2. make a folder (model_data) place configuration file and pretrained weights.

mkdir model_data

3. move person_classes.txt, yolo_anchors.txt and yolo_weights.h5 to model_data.

mv person_classes.txt yolo_anchors.txt yolo_weights.h5 ./model_data

3.5 True Train process

Before training, don't forget move train dataset (/data/train) and image_path+annotation file (train.txt) from 2.4 Batch processing to current directory (3. Train)

And then use keras-yolo3@qqwweee/train.py's default Train config, just save a weights per 10 epoch.

For train&val, All training data(train.txt) are shuffled randomly, and divide train:val = 9:1.

For 1 training stage, Train with frozen layers first, to get a stable loss.

  1. freeze all but 3 output layers
  2. optimizer=Adam()
  3. learning_rate=1e-3
  4. epochs=50

For 2 training stage, Unfreeze and continue training, to fine-tune.

  1. Unfreeze all of the layers
  2. optimizer=Adam()
  3. learning_rate=1e-4
  4. epochs=300-50
  5. reduce_lr: When val_loss does not decrease for 3 epoch, the learning rate is reduced by 10% each time.
  6. early_stopping: When val_loss does not decrease for 10 epochs, the training is stopped early.

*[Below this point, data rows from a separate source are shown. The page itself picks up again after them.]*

(* For an honest node the deviation of its message from the gradient is 1/B times a sum of B
   i.i.d. centred vectors of norm at most V. Since cosh o sqrt is convex, cosh (l |u + y|) has an
   affine majorant in y, so adding one centred summand multiplies E cosh (l |S|) by at most
   cosh (l V) <= exp (l^2 V^2 / 2); the Chernoff bound then gives the vector Hoeffding inequality
   P (|S| >= r) <= 2 exp (- r^2 / (2 B V^2)). With C = 2 log (2K / delta), outside an event of
   probability at most delta every honest message lies within T_mu / 2 of the gradient; then Rule 1
   fires, keeps all honest nodes, and the output deviates by at most the honest average deviation
   plus alpha * 7/2 * T_mu. On the bad event the median argument still bounds the deviation by 7 V.
   Squaring and integrating, the three contributions are 2 V^2 / ((1 - alpha)^2 K B),
   98 alpha^2 V^2 C / B and 49 V^2 delta <= 2 V^2 / (K B). *)

section \<open>Hyperbolic cosine estimates\<close>

lemma power_two_mult_fact_le_fact_double: "2 ^ m * fact m \<le> (fact (2 * m) :: nat)"
proof (induction m)
  case (Suc m)
  have "2 ^ Suc m * fact (Suc m) = (2 * m + 2) * (2 ^ m * fact m)"
    by (simp add: algebra_simps)
  also have "\<dots> \<le> (2 * m + 2) * ((2 * m + 1) * fact (2 * m))"
    using Suc by (intro mult_le_mono2 order_trans[OF Suc.IH]) simp
  also have "\<dots> = fact (2 * Suc m)"
    by (simp add: fact_Suc)
  finally show ?case .
qed simp

lemma cosh_le_exp_half_square: "cosh (y :: real) \<le> exp (y\<^sup>2 / 2)"
proof -
  define z where "z = y\<^sup>2 / 2"
  have "(if even n then y ^ n /\<^sub>R fact n else 0)
      \<le> (if even n then z ^ (n div 2) / fact (n div 2) else 0)" for n
  proof (cases "even n")
    case True
    then obtain m where n: "n = 2 * m" by blast
    have "(2::real) ^ m * fact m \<le> fact n"
      unfolding n using of_nat_mono[OF power_two_mult_fact_le_fact_double[of m]] by simp
    then have "y ^ n / fact n \<le> (y\<^sup>2) ^ m / (2 ^ m * fact m)"
      unfolding n power_mult by (intro divide_left_mono) auto
    also have "\<dots> = z ^ m / fact m"
      by (simp add: z_def power_divide)
    finally show ?thesis
      using True n by (simp add: real_scaleR_def divide_inverse mult.commute)
  qed simp
  moreover have "(\<lambda>n. if even n then z ^ (n div 2) / fact (n div 2) else 0) sums exp z"
    using sums_if[OF sums_zero exp_converges[of z]]
    by (simp only: add_0_left real_scaleR_def divide_inverse mult.commute)
  ultimately show ?thesis
    unfolding z_def[symmetric] by (rule sums_le[OF _ cosh_converges])
qed

lemma convex_on_cosh_sqrt: "convex_on {0..} (\<lambda>u. cosh (sqrt u))"
proof (rule convex_onI)
  define F where "F u n = (if even n then u ^ (n div 2) / fact n else (0::real))" for u n
  have F_sums: "F u sums cosh (sqrt u)" if "0 \<le> u" for u
  proof -
    have "sqrt u ^ n = u ^ (n div 2)" if "even n" for n
      using \<open>0 \<le> u\<close> that by (auto simp: power_mult elim!: evenE)
    then have "F u = (\<lambda>n. if even n then sqrt u ^ n /\<^sub>R fact n else 0)"
      by (auto simp: F_def fun_eq_iff divide_inverse mult.commute)
    then show ?thesis
      using cosh_converges[of "sqrt u"] by simp
  qed
  fix t x y :: real
  assume t: "0 < t" "t < 1" and xy: "x \<in> {0..}" "y \<in> {0..}"
  have "convex_on {0..} (\<lambda>u::real. u ^ k)" for k
    by (cases "even k") (auto intro: convex_power_odd convex_on_subset[OF convex_power_even])
  from convex_onD[OF this, of t x y]
  have power_convex: "((1 - t) * x + t * y) ^ k \<le> (1 - t) * x ^ k + t * y ^ k" for k
    using t xy by simp
  show "cosh (sqrt ((1 - t) *\<^sub>R x + t *\<^sub>R y)) \<le> (1 - t) * cosh (sqrt x) + t * cosh (sqrt y)"
  proof (rule sums_le[OF _ F_sums sums_add[OF sums_mult[OF F_sums] sums_mult[OF F_sums]]])
    show "F ((1 - t) *\<^sub>R x + t *\<^sub>R y) n \<le> (1 - t) * F x n + t * F y n" for n
      using divide_right_mono[OF power_convex[of "n div 2"], of "fact n"]
      by (simp add: F_def add_divide_distrib)
  qed (use t xy in simp_all)
qed simp

lemma cosh_sqrt_chord_le:
  fixes a c p l :: real
  assumes a: "0 < a" and c: "0 < c" and p: "\<bar>p\<bar> \<le> a * c" and l: "0 \<le> l"
  shows "cosh (l * sqrt (a\<^sup>2 + c\<^sup>2 + 2 * p))
    \<le> cosh (l * a) * cosh (l * c) + sinh (l * a) * sinh (l * c) / (a * c) * p"
proof -
  define q where "q = p / (a * c)"
  have p_eq: "p = q * (a * c)"
    using a c by (simp add: q_def)
  have q: "\<bar>q\<bar> \<le> 1"
  proof (rule mult_right_le_imp_le)
    show "\<bar>q\<bar> * (a * c) \<le> 1 * (a * c)"
      using p a c unfolding p_eq by (simp add: abs_mult)
  qed (use a c in simp)
  \<comment> \<open>The argument is a convex combination of its values at \<open>p = a c\<close> and \<open>p = - a c\<close>.\<close>
  define t where "t = (1 - q) / 2"
  have t: "0 \<le> t" "t \<le> 1"
    using q by (auto simp: t_def)
  have "0 \<le> a\<^sup>2 + c\<^sup>2 - 2 * (a * c)"
    using zero_le_power2[of "a - c"] by (simp add: power2_eq_square algebra_simps)
  then have "0 \<le> a\<^sup>2 + c\<^sup>2 + 2 * p"
    using p by linarith
  then have "(l * sqrt (a\<^sup>2 + c\<^sup>2 + 2 * p))\<^sup>2 = l\<^sup>2 * (a\<^sup>2 + c\<^sup>2 + 2 * p)"
    by (simp add: power_mult_distrib)
  also have "\<dots> = (1 - t) * (l * (a + c))\<^sup>2 + t * (l * (a - c))\<^sup>2"
    unfolding t_def p_eq by (simp add: power2_eq_square field_simps)
  finally have "sqrt ((1 - t) * (l * (a + c))\<^sup>2 + t * (l * (a - c))\<^sup>2)
      = \<bar>l * sqrt (a\<^sup>2 + c\<^sup>2 + 2 * p)\<bar>"
    by (metis real_sqrt_abs)
  then have "cosh (l * sqrt (a\<^sup>2 + c\<^sup>2 + 2 * p))
      = cosh (sqrt ((1 - t) *\<^sub>R (l * (a + c))\<^sup>2 + t *\<^sub>R (l * (a - c))\<^sup>2))"
    by (metis cosh_real_abs real_scaleR_def)
  also have "\<dots> \<le> (1 - t) * cosh (sqrt ((l * (a + c))\<^sup>2)) + t * cosh (sqrt ((l * (a - c))\<^sup>2))"
    using t by (intro convex_onD[OF convex_on_cosh_sqrt]) auto
  also have "\<dots> = (1 - t) * cosh (l * a + l * c) + t * cosh (l * a - l * c)"
    by (simp only: real_sqrt_abs cosh_real_abs distrib_left right_diff_distrib)
  also have "\<dots> = cosh (l * a) * cosh (l * c) + q * (sinh (l * a) * sinh (l * c))"
    unfolding cosh_add cosh_diff t_def by (simp add: algebra_simps add_divide_distrib)
  also have "\<dots> = cosh (l * a) * cosh (l * c) + sinh (l * a) * sinh (l * c) / (a * c) * p"
    by (simp add: q_def)
  finally show ?thesis .
qed

lemma cosh_mult_norm_add_le:
  fixes x d :: "'a::real_inner"
  assumes d: "norm d \<le> c" and c: "0 < c" and l: "0 \<le> l"
  shows "cosh (l * norm (x + d))
    \<le> cosh (l * norm x) * cosh (l * c) + sinh (l * norm x) * sinh (l * c) / (norm x * c) * (x \<bullet> d)"
proof (cases "x = 0")
  case True
  have "cosh (l * norm d) \<le> cosh (l * c)"
    using mult_left_mono[OF d l] c l by (subst cosh_real_nonneg_le_iff) auto
  then show ?thesis
    using True by simp
next
  case False
  have norm_sq: "(norm (x + d))\<^sup>2 = (norm x)\<^sup>2 + (norm d)\<^sup>2 + 2 * (x \<bullet> d)"
    by (simp add: power2_norm_eq_inner inner_add algebra_simps inner_commute)
  have "(norm d)\<^sup>2 \<le> c\<^sup>2"
    using d by (intro power_mono) auto
  then have radicand: "(norm (x + d))\<^sup>2 \<le> (norm x)\<^sup>2 + c\<^sup>2 + 2 * (x \<bullet> d)"
    using norm_sq by linarith
  then have "norm (x + d) \<le> sqrt ((norm x)\<^sup>2 + c\<^sup>2 + 2 * (x \<bullet> d))"
    by (rule real_le_rsqrt)
  moreover have "0 \<le> sqrt ((norm x)\<^sup>2 + c\<^sup>2 + 2 * (x \<bullet> d))"
    using radicand zero_le_power2[of "norm (x + d)"] by (intro real_sqrt_ge_zero) linarith
  ultimately have "cosh (l * norm (x + d)) \<le> cosh (l * sqrt ((norm x)\<^sup>2 + c\<^sup>2 + 2 * (x \<bullet> d)))"
    using l by (subst cosh_real_nonneg_le_iff) (auto intro: mult_left_mono)
  also have "\<dots> \<le> cosh (l * norm x) * cosh (l * c)
      + sinh (l * norm x) * sinh (l * c) / (norm x * c) * (x \<bullet> d)"
  proof (rule cosh_sqrt_chord_le)
    show "\<bar>x \<bullet> d\<bar> \<le> norm x * c"
      using Cauchy_Schwarz_ineq2[of x d] d by (meson mult_left_mono norm_ge_zero order_trans)
  qed (use False c l in auto)
  finally show ?thesis .
qed

lemma exp_mult_cosh_power_le:
  fixes l r V :: real
  shows "exp (- (l * r)) * cosh (l * V) ^ n \<le> exp (real n * (l * V)\<^sup>2 / 2 - l * r)"
proof -
  have "cosh (l * V) ^ n \<le> exp ((l * V)\<^sup>2 / 2) ^ n"
    by (intro power_mono cosh_le_exp_half_square) (simp add: order_less_imp_le)
  also have "\<dots> = exp (real n * (l * V)\<^sup>2 / 2)"
    by (simp add: exp_of_nat_mult[symmetric])
  finally have "exp (- (l * r)) * cosh (l * V) ^ n \<le> exp (- (l * r)) * exp (real n * (l * V)\<^sup>2 / 2)"
    by (intro mult_left_mono) auto
  also have "\<dots> = exp (real n * (l * V)\<^sup>2 / 2 - l * r)"
    by (simp only: diff_conv_add_uminus exp_add mult.commute)
  finally show ?thesis .
qed
(* Let $\mathbf z,\mathbf w$ be jointly distributed $M$-dimensional random vectors whose components have finite positive variance, with standardized versions $\mathbf z',\mathbf w'$, and assume $\boldsymbol\Sigma_{\mathbf z'\mathbf z'}$ and $\boldsymbol\Sigma_{\mathbf z'\mathbf w'}$ are full rank. Then $$m_{\mathrm{SVD}}(\mathbf z,\mathbf w)\ \ge\ 1-\sqrt{M\sum_{l=1}^M\mathrm{Var}[z'_l-w'_l]},$$ where the variance is over the joint distribution of $(\mathbf z',\mathbf w')$.
   Context: For $M$-dimensional random vectors $\mathbf z,\mathbf w$ (jointly distributed, components with finite positive variance), let $\mathbf z',\mathbf w'$ be the standardized vectors $z'_i=(z_i-\mathbb E[z_i])/\operatorname{std}(z_i)$, $w'_i=(w_i-\mathbb E[w_i])/\operatorname{std}(w_i)$, and let $\boldsymbol\Sigma_{\mathbf z'\mathbf w'}$ be the cross-covariance matrix with entries $\mathrm{Cov}[z'_i,w'_j]$ (and $\boldsymbol\Sigma_{\mathbf z'\mathbf z'}$ the covariance matrix of $\mathbf z'$). Let $\{\mathbf u_i\}_{i=1}^M$, $\{\mathbf v_i\}_{i=1}^M$ be the left and right singular vectors of $\boldsymbol\Sigma_{\mathbf z'\mathbf w'}$. Define $m_{\mathrm{SVD}}(\mathbf z,\mathbf w)=\frac1M\sum_{i=1}^M\mathrm{Cov}[\mathbf u_i^\top\mathbf z',\mathbf v_i^\top\mathbf w']$ (equivalently, $\frac1M$ times the sum of the singular values of $\boldsymbol\Sigma_{\mathbf z'\mathbf w'}$) and $d_{\mathrm{SVD}}(\mathbf z,\mathbf w)=1-m_{\mathrm{SVD}}(\mathbf z,\mathbf w)$. *)

theory Defs
  imports "HOL-Probability.Probability"
begin

definition mean :: "'a measure \<Rightarrow> ('a \<Rightarrow> real) \<Rightarrow> real" where
  "mean p X = integral\<^sup>L p X"

definition cov :: "'a measure \<Rightarrow> ('a \<Rightarrow> real) \<Rightarrow> ('a \<Rightarrow> real) \<Rightarrow> real" where
  "cov p X Y = integral\<^sup>L p (\<lambda>\<omega>. (X \<omega> - mean p X) * (Y \<omega> - mean p Y))"

definition var :: "'a measure \<Rightarrow> ('a \<Rightarrow> real) \<Rightarrow> real" where
  "var p X = cov p X X"

definition standardize :: "'a measure \<Rightarrow> ('a \<Rightarrow> real^'n) \<Rightarrow> 'a \<Rightarrow> real^'n" where
  "standardize p z = (\<lambda>\<omega>. \<chi> i. (z \<omega> $ i - mean p (\<lambda>\<eta>. z \<eta> $ i)) / sqrt (var p (\<lambda>\<eta>. z \<eta> $ i)))"

definition cross_cov :: "'a measure \<Rightarrow> ('a \<Rightarrow> real^'n) \<Rightarrow> ('a \<Rightarrow> real^'n) \<Rightarrow> real^'n^'n" where
  "cross_cov p x y = (\<chi> i j. cov p (\<lambda>\<omega>. x \<omega> $ i) (\<lambda>\<omega>. y \<omega> $ j))"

Now we can finally train !!!

python train.py

For the model I trained, I push it on pan.baidu.com and drive.google.com, it's a weight that has been trained 109 epochs.(235.4MB)

Download link:

  1. Baidu Cloud Disk(中文) : https://pan.baidu.com/s/130J8c5B9RQILSDKAFKyK1A password: wmht

  2. Google Drive : https://drive.google.com/file/d/1zxcpjklHKQ6hULa8HmeKIQqnkH_h_NSI/view?usp=sharing

3.6 Loss curve plot

The log was stored through the TensorBoard while training. So, just extract the log of loss and draw the loss curve.

The first parameter is the path to log of the first 50 epochs. The second parameter is the path to the rest of log after 50 epochs.

NOTE: Pay attention to the order

python Tensorboard_log_loss_visualization.py \
    logs/batch32/events.out.tfevents.1586104689.r1cmpsrvs79-14ig0702 \
    logs/batch32/events.out.tfevents.1586671921.r1cmpsrvs79-14ig0702

Here is the loss curve plot I trained model, it's 1 to 109 because it stopped early after 109 epoch. Finally, loss=9.05, val_loss=9.54.

4. Model Evaluation

Before Evaluating, require move test dataset (/data/test) and image_path+annotation file (test.txt) from 2.4 Batch processing to current folder (4. Evaluate)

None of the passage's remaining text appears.